The U.S. Army Corps of Engineers (USACE) annually dredges hundreds of navigation projects through its fleet of government dredges and individual contracts with private industry.

Building on previous research with the USACE, the Maritime Transportation Research and Education Center (MarTREC) developed and implemented a scheduling optimization decision support tool that provides comprehensive sensitivity analysis regarding the impact of travel distance, idle time, varying dredge job sizes, available dredge equipment and the size of environmental windows.

Further, MarTREC has expanded the decision tool to allow for multiple dredge resources to work on a single job and/or in non-consecutive intervals, and for environmental windows to be enforced in a dredge-specific fashion.

MarTREC built a tool that suggested solutions for USACE’s decision of allocating dredge resources to projects system-wide under necessary constraints that included several factors:

1) environmental restrictions concerning when dredging can take place due to migration patterns of turtles, birds, fish and other wildlife;

2) dredge equipment resource availability;

3) varying equipment productivity rates that affect project completion times.

The optimization work is part of USACE’s ongoing initiative to take a systems operation research approach to aid in their maritime transportation decision processes.

Image source: USACE
Image source: USACE

This work has offered a highly generalized dredge scheduling optimization framework for use by dredge planners. The work has already been transferred to USACE computing systems, and various versions of the developed model have been utilized in support of planning efforts on the West and East coast.

The results of the project show that partial dredging, dredge maintenance, modified mob/demob (mobilization and demobilization), costs/budgets, multiple dredges per job and multiple visits to jobs can all be allowed for in a constraint programming platform.

Using this platform, feasible solutions can be obtained to this complex model in a matter of minutes or hours.
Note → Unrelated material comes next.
(* Let $\mathcal{K}\subseteq\mathbb{R}^n$ be a proper convex cone with a $\nu$-LHSCB $f$, and let $A\in\mathbb{R}^{m\times n}$ (full row rank), $\mathbf{b}\in\mathbb{R}^m$, $\mathbf{c}\in\mathbb{R}^n$. Let $\eta>0$, $\tau>0$, $(\mathbf{x},\mathbf{y},\mathbf{s})\in\mathcal{N}(\eta,\tau)$, let $(\Delta\mathbf{x},\Delta\mathbf{y},\Delta\mathbf{s})$ be the solution of the Newton system at $(\mathbf{x},\mathbf{y},\mathbf{s})$ with parameter $\tau$, and let $\mathbf{x}^+=\mathbf{x}+\Delta\mathbf{x}$, $\mathbf{s}^+=\mathbf{s}+\Delta\mathbf{s}$. Then \[\tau(\nu-\eta^2)\le(\mathbf{x}^+)^\top\mathbf{s}^+\le\tau\nu.\]
   Context: $\mathcal{K}\subseteq\mathbb{R}^n$ is a proper (closed, convex, pointed, full-dimensional) cone with interior $\mathcal{K}^\circ$ and dual cone $\mathcal{K}^*=\{\mathbf{s}:\mathbf{s}^\top\mathbf{x}\ge 0\ \forall \mathbf{x}\in\mathcal{K}\}$. A $\nu$-LHSCB for $\mathcal{K}$ is a strictly convex, three times differentiable $f:\mathcal{K}^\circ\to\mathbb{R}$ with $f(\mathbf{x})\to\infty$ as $\mathbf{x}$ approaches the boundary of $\mathcal{K}$, $|D^3f(\mathbf{x})[\mathbf{h},\mathbf{h},\mathbf{h}]|\le 2\,(D^2f(\mathbf{x})[\mathbf{h},\mathbf{h}])^{3/2}$, $\nu=\sup_{\mathbf{x}\in\mathcal{K}^\circ}g(\mathbf{x})^\top H(\mathbf{x})^{-1}g(\mathbf{x})<\infty$, and $f(t\mathbf{x})=f(\mathbf{x})-\nu\ln t$ for $t>0$; $g,H$ are the gradient and Hessian of $f$. Local norms: $\|\mathbf{v}\|_{\mathbf{x}}=\sqrt{\mathbf{v}^\top H(\mathbf{x})\mathbf{v}}$, $\|\mathbf{v}\|^*_{\mathbf{x}}=\sqrt{\mathbf{v}^\top H(\mathbf{x})^{-1}\mathbf{v}}$. $\mathcal{F}^\circ=\{(\mathbf{x},\mathbf{y},\mathbf{s})\in\mathcal{K}^\circ\times\mathbb{R}^m\times(\mathcal{K}^* )^\circ: A\mathbf{x}=\mathbf{b},\ A^\top\mathbf{y}+\mathbf{s}=\mathbf{c}\}$ (strictly feasible solutions of the pair $\inf\{\mathbf{c}^\top\mathbf{x}:A\mathbf{x}=\mathbf{b},\mathbf{x}\in\mathcal{K}\}$, $\sup\{\mathbf{b}^\top\mathbf{y}:A^\top\mathbf{y}+\mathbf{s}=\mathbf{c},\mathbf{s}\in\mathcal{K}^*\}$). $\mathcal{N}(\eta,\tau)=\{(\mathbf{x},\mathbf{y},\mathbf{s})\in\mathcal{F}^\circ:\|\mathbf{s}+\tau g(\mathbf{x})\|^*_{\mathbf{x}}\le\eta\tau\}$. The Newton system at $(\mathbf{x},\mathbf{y},\mathbf{s})$ with parameter $\tau$ is: $A\Delta\mathbf{x}=\mathbf{0}$, $A^\top\Delta\mathbf{y}+\Delta\mathbf{s}=\mathbf{0}$, $\tau H(\mathbf{x})\Delta\mathbf{x}+\Delta\mathbf{s}=-(\mathbf{s}+\tau g(\mathbf{x}))$. *)

theory Defs
  imports "HOL-Analysis.Analysis"
begin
Evaluating the potential benefit on cubic yards dredged by considering each model enhancement suggests that these new flexibilities are significant for guiding practitioners to solutions (adding the discussed flexibilities to the models make a significant difference in the solutions obtained).

With a more flexible model and the potential for an increase in cubic yards dredged, comes a new set of computational challenges.

In addition to revealing how to model additional problem features, this project has revealed a number of new methodological challenges that need to be explored – increased solution space and more complex decision variable structure.